WASHINGTON, Apr. 7 (CGTN) - When U.S. President Donald Trump announced "reciprocal tariffs" practically against the whole world, ranging from 10 percent to almost 50 percent, the unilateral action sent shock waves throughout the financial markets. China reacted by imposing counter tariffs of 34 percent on all products imported from the U.S., many countries followed suit in varying degrees, while some have held off their decision, hoping for negotiating some agreement with the Trump administration.

The big question is, will this typically reckless and economically glaringly incompetent imposition of the "America first" policy lead to the re-industrialization of the U.S. which Trump hopes for? Or will it lead to the crash of the international financial system because of a chain reaction of bankruptcies in an already hopelessly over-indebted financial structure? It depends on the follow-up and implementation of sound physical economy principles.

The White House has issued a fact sheet, providing the argumentation for the measures: "Countries including China, Germany, Japan and South Korea have pursued policies that suppress the domestic consumption power of their own citizens to artificially boost the competitiveness of their export products. Such policies include regressive tax systems, low or unenforced penalties for environmental degradation and policies intended to suppress worker wages relative to productivity." 

This statement, however, lumps together very different cases. While China has lifted nearly 850 million of its own citizens out of poverty, eradicated absolute poverty, created a middle-income group of 400 million people with an enormous purchasing power, and beyond that, become the engine of development for the Global South, the situation for Germany is quite different.

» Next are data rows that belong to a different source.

lemma nn_integral_ball_delta_powr_le:
  fixes D :: "'a::euclidean_space set"
  assumes cov: "assouad_covering (frontier D) C s"
    and "0 \<le> C" and "0 \<le> \<beta>" and "\<beta> + s < real DIM('a)"
  obtains K where "0 \<le> K"
    "\<And>x R. 0 < R \<Longrightarrow> (\<integral>\<^sup>+y. indicator (ball x R) y * ennreal (delta D y powr -\<beta>) \<partial>lborel)
                        \<le> ennreal (K * R powr (real DIM('a) - \<beta>))"
proof -
  let ?d = "real DIM('a)" and ?\<omega> = "unit_ball_vol (real DIM('a))"
  define K\<^sub>b where "K\<^sub>b = ?\<omega> + 2 powr (\<beta> + s + ?d) * C * ?\<omega> / (1 - 2 powr (\<beta> + s - ?d))"
  define K where "K = ?\<omega> + K\<^sub>b * 3 powr (?d - \<beta>)"
  have "0 \<le> K\<^sub>b"
    using \<open>0 \<le> C\<close> \<open>\<beta> + s < ?d\<close> powr_less_one[of 2 "\<beta> + s - ?d"] by (simp add: K\<^sub>b_def)
  then have "0 \<le> K" by (simp add: K_def)
  moreover have "(\<integral>\<^sup>+y. indicator (ball x R) y * ennreal (delta D y powr -\<beta>) \<partial>lborel)
      \<le> ennreal (K * R powr (?d - \<beta>))" if "0 < R" for x R
  \<comment> \<open>Either \<open>ball x R\<close> keeps distance \<open>R\<close> from the boundary, or it lies in a ball of radius \<open>3 * R\<close>
     centred on the boundary.\<close>
  proof (cases "frontier D = {} \<or> 2 * R \<le> delta D x")
    case True
    have "indicator (ball x R) y * ennreal (delta D y powr -\<beta>)
        \<le> indicator {y. R \<le> delta D y} y * (indicator (ball x R) y * ennreal (delta D y powr -\<beta>))" for y
    proof (cases "y \<in> ball x R \<and> frontier D \<noteq> {}")
      case in_ball: True
      have "delta D x \<le> delta D y + dist x y"
        unfolding delta_def by (intro infdist_triangle)
      then show ?thesis using in_ball True by (simp add: dist_commute)
    qed (auto simp: delta_def infdist_def)
    then have "(\<integral>\<^sup>+y. indicator (ball x R) y * ennreal (delta D y powr -\<beta>) \<partial>lborel)
        \<le> ennreal (?\<omega> * R powr (?d - \<beta>))"
      by (intro order_trans[OF nn_integral_mono nn_integral_ball_delta_ge_le] \<open>0 < R\<close> \<open>0 \<le> \<beta>\<close>)
    also have "\<dots> \<le> ennreal (K * R powr (?d - \<beta>))"
      using \<open>0 \<le> K\<^sub>b\<close> by (intro ennreal_leI mult_right_mono) (auto simp: K_def)
    finally show ?thesis .
  next
    case False
    then obtain z where z: "z \<in> frontier D" "delta D x = dist x z"
      using delta_attained by blast
    have "ball x R \<subseteq> ball z (3 * R)"
    proof
      fix y assume "y \<in> ball x R"
      then show "y \<in> ball z (3 * R)"
        using False z dist_triangle[of z y x] by (simp add: dist_commute)
    qed
    then have "(\<integral>\<^sup>+y. indicator (ball x R) y * ennreal (delta D y powr -\<beta>) \<partial>lborel)
        \<le> (\<integral>\<^sup>+y. indicator (ball z (3 * R)) y * ennreal (delta D y powr -\<beta>) \<partial>lborel)"
      by (intro nn_integral_mono mult_right_mono) (auto simp: indicator_def)
    also have "\<dots> \<le> ennreal (K\<^sub>b * (3 * R) powr (?d - \<beta>))"
      unfolding K\<^sub>b_def using \<open>0 < R\<close> assms
      by (intro nn_integral_boundary_ball_delta_powr_le[OF cov z(1)]) auto
    also have "\<dots> \<le> ennreal (K * R powr (?d - \<beta>))"
      using \<open>0 < R\<close> \<open>0 \<le> K\<^sub>b\<close> by (intro ennreal_leI) (simp add: K_def powr_mult distrib_right mult_ac)
    finally show ?thesis .
  qed
  ultimately show ?thesis using that by blast
qed

section \<open>Finiteness of the energy\<close>

text \<open>The factor \<open>min (r\<^sup>2) 1\<close> comes from the Lipschitz bound on \<open>u\<close>, the last two factors
  from the upper scaling of \<open>\<Phi>\<close> with \<open>w = delta D powr -\<beta>\<close> (see \<open>kernel_le_boundary_weights\<close>).\<close>

definition energy_majorant :: "real \<Rightarrow> real \<Rightarrow> ('a::euclidean_space \<Rightarrow> real) \<Rightarrow> 'a \<Rightarrow> 'a \<Rightarrow> real" where
  "energy_majorant \<alpha> \<beta> w x y = min ((dist x y)\<^sup>2) 1 * dist x y powr -(real DIM('a) + \<alpha>)
     * (1 + dist x y powr \<beta> * w x) * (1 + dist x y powr \<beta> * w y)"

lemma energy_majorant_commute: "energy_majorant \<alpha> \<beta> w x y = energy_majorant \<alpha> \<beta> w y x"
  by (simp add: energy_majorant_def dist_commute mult_ac)

lemma nn_integral_weighted_kernel_le:
  fixes w :: "'a::euclidean_space \<Rightarrow> real"
  assumes w[measurable]: "w \<in> borel_measurable lborel" and w0: "\<And>y. 0 \<le> w y" and "0 \<le> K"
    and growth: "\<And>x R. 0 < R \<Longrightarrow> (\<integral>\<^sup>+y. indicator (ball x R) y * ennreal (w y) \<partial>lborel)
                                    \<le> ennreal (K * R powr (real DIM('a) - \<beta>))"
    and "0 < 2 + e + real DIM('a)" "e + real DIM('a) < 0"
  obtains B where "0 \<le> B" "\<And>x. (\<integral>\<^sup>+y. ennreal (min ((dist x y)\<^sup>2) 1 * dist x y powr e
                                          * (1 + dist x y powr \<beta> * w y)) \<partial>lborel) \<le> ennreal B"
proof -
  let ?d = "real DIM('a)"
  let ?k = "\<lambda>e (x::'a) y. min ((dist x y)\<^sup>2) 1 * dist x y powr e"
  have unit_growth: "(\<integral>\<^sup>+y. indicator (ball x R) y * 1 \<partial>lborel) \<le> ennreal (unit_ball_vol ?d * R powr ?d)"
    if "0 < R" for x :: 'a and R
    using that by (simp add: emeasure_ball powr_realpow)
  obtain B\<^sub>1 where "0 \<le> B\<^sub>1" and B\<^sub>1: "\<And>x. (\<integral>\<^sup>+y. ennreal (?k e x y) * 1 \<partial>lborel) \<le> ennreal B\<^sub>1"
    by (rule nn_integral_truncated_kernel_le[of "\<lambda>_. 1" "unit_ball_vol ?d" ?d e]) (use unit_growth assms(5,6) in \<open>auto intro: that\<close>)
  obtain B\<^sub>2 where "0 \<le> B\<^sub>2"
    and B\<^sub>2: "\<And>x. (\<integral>\<^sup>+y. ennreal (?k (e + \<beta>) x y) * ennreal (w y) \<partial>lborel) \<le> ennreal B\<^sub>2"
    by (rule nn_integral_truncated_kernel_le[of "\<lambda>y. ennreal (w y)" K "?d - \<beta>" "e + \<beta>"])
       (use growth assms(3,5,6) in \<open>auto intro: that\<close>)
  have "(\<integral>\<^sup>+y. ennreal (?k e x y * (1 + dist x y powr \<beta> * w y)) \<partial>lborel) \<le> ennreal (B\<^sub>1 + B\<^sub>2)" for x
  proof -
    have "ennreal (?k e x y * (1 + dist x y powr \<beta> * w y))
        = ennreal (?k e x y) * 1 + ennreal (?k (e + \<beta>) x y) * ennreal (w y)" for y
      using w0[of y] by (simp add: powr_add distrib_left mult_ac ennreal_plus ennreal_mult)
    then have "(\<integral>\<^sup>+y. ennreal (?k e x y * (1 + dist x y powr \<beta> * w y)) \<partial>lborel)
        = (\<integral>\<^sup>+y. ennreal (?k e x y) * 1 + ennreal (?k (e + \<beta>) x y) * ennreal (w y) \<partial>lborel)"
      by simp
    also have "\<dots> = (\<integral>\<^sup>+y. ennreal (?k e x y) * 1 \<partial>lborel)
                    + (\<integral>\<^sup>+y. ennreal (?k (e + \<beta>) x y) * ennreal (w y) \<partial>lborel)"
      by (intro nn_integral_add) measurable
    also have "\<dots> \<le> ennreal B\<^sub>1 + ennreal B\<^sub>2"
      by (rule add_mono[OF B\<^sub>1 B\<^sub>2])
    finally show ?thesis using \<open>0 \<le> B\<^sub>1\<close> \<open>0 \<le> B\<^sub>2\<close> by (simp add: ennreal_plus)
  qed
  moreover have "0 \<le> B\<^sub>1 + B\<^sub>2" using \<open>0 \<le> B\<^sub>1\<close> \<open>0 \<le> B\<^sub>2\<close> by simp
  ultimately show ?thesis using that by blast
qed

lemma nn_integral_energy_majorant_le:
  fixes w :: "'a::euclidean_space \<Rightarrow> real"
  assumes w[measurable]: "w \<in> borel_measurable lborel" and w0: "\<And>y. 0 \<le> w y" and "0 \<le> K"
    and growth: "\<And>x R. 0 < R \<Longrightarrow> (\<integral>\<^sup>+y. indicator (ball x R) y * ennreal (w y) \<partial>lborel)
                                    \<le> ennreal (K * R powr (real DIM('a) - \<beta>))"
    and "0 < \<beta>" "\<beta> < \<alpha>" "\<alpha> < 2"
  obtains B where "0 \<le> B"
    "\<And>x. (\<integral>\<^sup>+y. ennreal (energy_majorant \<alpha> \<beta> w x y) \<partial>lborel) \<le> ennreal B * (1 + ennreal (w x))"
proof -
  let ?e = "-(real DIM('a) + \<alpha>)"
  let ?k = "\<lambda>e (x::'a) y. min ((dist x y)\<^sup>2) 1 * dist x y powr e * (1 + dist x y powr \<beta> * w y)"
  have k_nonneg: "0 \<le> ?k e x y" for e x y using w0[of y] by simp
  obtain B\<^sub>1 where "0 \<le> B\<^sub>1" and B\<^sub>1: "\<And>x. (\<integral>\<^sup>+y. ennreal (?k ?e x y) \<partial>lborel) \<le> ennreal B\<^sub>1"
    by (rule nn_integral_weighted_kernel_le[OF w w0 \<open>0 \<le> K\<close> growth, of ?e]) (use assms in auto)
  obtain B\<^sub>2 where "0 \<le> B\<^sub>2" and B\<^sub>2: "\<And>x. (\<integral>\<^sup>+y. ennreal (?k (?e + \<beta>) x y) \<partial>lborel) \<le> ennreal B\<^sub>2"
    by (rule nn_integral_weighted_kernel_le[OF w w0 \<open>0 \<le> K\<close> growth, of "?e + \<beta>"]) (use assms in auto)
  have "(\<integral>\<^sup>+y. ennreal (energy_majorant \<alpha> \<beta> w x y) \<partial>lborel)
      \<le> ennreal (max B\<^sub>1 B\<^sub>2) * (1 + ennreal (w x))" for x
  proof -
    have "energy_majorant \<alpha> \<beta> w x y = ?k ?e x y + w x * ?k (?e + \<beta>) x y" for y
      unfolding energy_majorant_def powr_add by (simp add: algebra_simps)
    then have "(\<integral>\<^sup>+y. ennreal (energy_majorant \<alpha> \<beta> w x y) \<partial>lborel)
        = (\<integral>\<^sup>+y. ennreal (?k ?e x y) + ennreal (w x) * ennreal (?k (?e + \<beta>) x y) \<partial>lborel)"
      using w0[of x] k_nonneg by (simp add: ennreal_plus ennreal_mult)
    also have "\<dots> = (\<integral>\<^sup>+y. ennreal (?k ?e x y) \<partial>lborel)
                    + ennreal (w x) * (\<integral>\<^sup>+y. ennreal (?k (?e + \<beta>) x y) \<partial>lborel)"
      by (simp add: nn_integral_add nn_integral_cmult)
    also have "\<dots> \<le> ennreal (max B\<^sub>1 B\<^sub>2) + ennreal (w x) * ennreal (max B\<^sub>1 B\<^sub>2)"
      using order_trans[OF B\<^sub>1[of x] ennreal_leI[OF max.cobounded1]]
        order_trans[OF B\<^sub>2[of x] ennreal_leI[OF max.cobounded2]]
      by (intro add_mono mult_left_mono) auto
    finally show ?thesis by (simp add: distrib_left mult.commute)
  qed
  moreover have "0 \<le> max B\<^sub>1 B\<^sub>2" using \<open>0 \<le> B\<^sub>1\<close> by simp
  ultimately show ?thesis using that by blast
qed

lemma nn_integral_energy_majorant_finite:
  fixes w :: "'a::euclidean_space \<Rightarrow> real"
  assumes w[measurable]: "w \<in> borel_measurable lborel" and w0: "\<And>y. 0 \<le> w y" and "0 \<le> K"
    and growth: "\<And>x R. 0 < R \<Longrightarrow> (\<integral>\<^sup>+y. indicator (ball x R) y * ennreal (w y) \<partial>lborel)
                                    \<le> ennreal (K * R powr (real DIM('a) - \<beta>))"
    and "0 < \<beta>" "\<beta> < \<alpha>" "\<alpha> < 2" and "0 < \<rho>"
  shows "(\<integral>\<^sup>+p. indicator (ball 0 \<rho>) (fst p) * ennreal (energy_majorant \<alpha> \<beta> w (fst p) (snd p))
            \<partial>(lborel \<Otimes>\<^sub>M lborel)) < \<infinity>"
proof -
  obtain B where "0 \<le> B"
    and B: "\<And>x. (\<integral>\<^sup>+y. ennreal (energy_majorant \<alpha> \<beta> w x y) \<partial>lborel) \<le> ennreal B * (1 + ennreal (w x))"
    by (rule nn_integral_energy_majorant_le[OF w w0 \<open>0 \<le> K\<close> growth]) (use assms in auto)
  have "(\<integral>\<^sup>+p. indicator (ball 0 \<rho>) (fst p) * ennreal (energy_majorant \<alpha> \<beta> w (fst p) (snd p))
            \<partial>(lborel \<Otimes>\<^sub>M lborel))
      = (\<integral>\<^sup>+x. indicator (ball 0 \<rho>) x * (\<integral>\<^sup>+y. ennreal (energy_majorant \<alpha> \<beta> w x y) \<partial>lborel) \<partial>lborel)"
    by (subst lborel.nn_integral_fst[symmetric]) (auto simp: energy_majorant_def intro!: nn_integral_cong nn_integral_cmult)
  also have "\<dots> \<le> (\<integral>\<^sup>+x. ennreal B * indicator (ball 0 \<rho>) x
                        + ennreal B * (indicator (ball 0 \<rho>) x * ennreal (w x)) \<partial>lborel)"
    using B by (intro nn_integral_mono) (auto simp: indicator_def distrib_left)
  also have "\<dots> = ennreal B * emeasure lborel (ball (0::'a) \<rho>)
                  + ennreal B * (\<integral>\<^sup>+x. indicator (ball 0 \<rho>) x * ennreal (w x) \<partial>lborel)"
    by (simp add: nn_integral_add nn_integral_cmult nn_integral_cmult_indicator)
  also have "\<dots> < \<infinity>"
    using emeasure_lborel_ball_finite[of "0::'a" \<rho>] le_less_trans[OF growth[OF \<open>0 < \<rho>\<close>, of 0]]
    by (simp add: ennreal_mult_less_top)
  finally show ?thesis .
qed

lemma nn_integral_lborel_pair_swap:
  fixes f :: "'a::euclidean_space \<times> 'a \<Rightarrow> ennreal"
  assumes [measurable]: "f \<in> borel_measurable (lborel \<Otimes>\<^sub>M lborel)"
  shows "(\<integral>\<^sup>+p. f (snd p, fst p) \<partial>(lborel \<Otimes>\<^sub>M lborel)) = (\<integral>\<^sup>+p. f p \<partial>(lborel \<Otimes>\<^sub>M lborel))"
proof -
  have "(\<lambda>p. f (snd p, fst p)) \<in> borel_measurable (lborel \<Otimes>\<^sub>M lborel)" by measurable
  from lborel.nn_integral_fst[OF this]
  have "(\<integral>\<^sup>+p. f (snd p, fst p) \<partial>(lborel \<Otimes>\<^sub>M lborel)) = (\<integral>\<^sup>+x. \<integral>\<^sup>+y. f (y, x) \<partial>lborel \<partial>lborel)"
    by simp
  also have "\<dots> = (\<integral>\<^sup>+p. f p \<partial>(lborel \<Otimes>\<^sub>M lborel))"
    by (rule lborel_pair.nn_integral_snd) measurable
  finally show ?thesis .
qed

The introduction of the eurozone in 1999 was criticized heavily at the time because it integrated very differently developed economies into one currency zone, which was not an "optimal currency zone." When Gerhard Schroder implemented "Agenda 2010," a series of reforms, as the German chancellor in the early 2000s, it did suppress domestic wages, and in that way increased the competitiveness of the German economy relative to the less industrialized countries of the eurozone. It increased the weight of the German economy at the expense of the other European countries, since they could not devalue their currencies anymore.

As a result, Germany became the "export world champion" for a while, but many domestic investments, such as renewal of basic infrastructure, were neglected, and the buying power of the domestic market was relatively weakened. Naturally all of this was overshadowed by subsequent developments, such as the loss of access to cheap Russian gas, and the loss of the Russian market for geopolitical reasons. Theoretically, the Trump tariffs could be a wake-up call for Germany to put its own house in order.

The Trump administration's intention is obviously to undo the de-industrialization which took place in the U.S. under the neoliberal policies of his predecessors, who outsourced much of the American industrial capacities to so-called cheap labor markets. Consequently, the U.S. has almost no small and medium-size enterprises, and its productive capacities are largely reduced to the military. But the sudden shift from an economic model based on the shareholder value of Wall Street and its maximization of profit, to a more durable industrial strength entails the dangers of disruptions and bankruptcies, given the total U.S. national debt of $37 trillion and a total outstanding derivative bubble of $2 quadrillion.

Trump intends a legitimate goal for the American economy, but he seems to be surrounded by economic advisers who reflect a monetarist rather than sound economic thinking. Peter Navarro, the White House's senior counselor for trade and manufacturing, for example, has calculated that the tariffs will bring annually about $600 billion into the U.S. budget, which completely leaves out the consequences of a trade war potentially triggered by this unilateral action.

And Trump's economic adviser Stephen Miran promotes a scheme, how foreign creditors of American treasuries can be "convinced by free will" to exchange these assets voluntarily into 100-year state bonds without interest.

The only thing which will remedy the economic crisis in the U.S., and elsewhere, is a return to sound physical economy principles: investment in scientific and technological progress, international space cooperation and innovation in general. That means the education systems of the U.S. and European nations have to be reorganized to serve this orientation, and incentives have to be given to train a highly skilled labor force for this purpose.

The worst danger of this unilateral tariff announcement by the Trump administration would be the danger of the world economy disintegrating into a number of different blocs, engaged in a trade war against each other, which would be truly a lose-lose outcome for everybody.

The alternative is a cooperative approach, where real development perspectives for Africa, Asia, the Americas and Europe are put on the agenda for joint ventures and cooperative investments in infrastructure, industry, agriculture, science, health and education systems, financed through productive credits.

The trade imbalances will be removed by making the pie bigger, taking into account the different characteristics and levels of development of the individual economies in a fair division of labor. "Humanity first" will lead to a win-win outcome for everyone.

Helga Zepp-LaRouche, a special commentator on current affairs for CGTN, is the founder and international president of the Schiller Institute, a German-based political and economic think tank founded in 1984.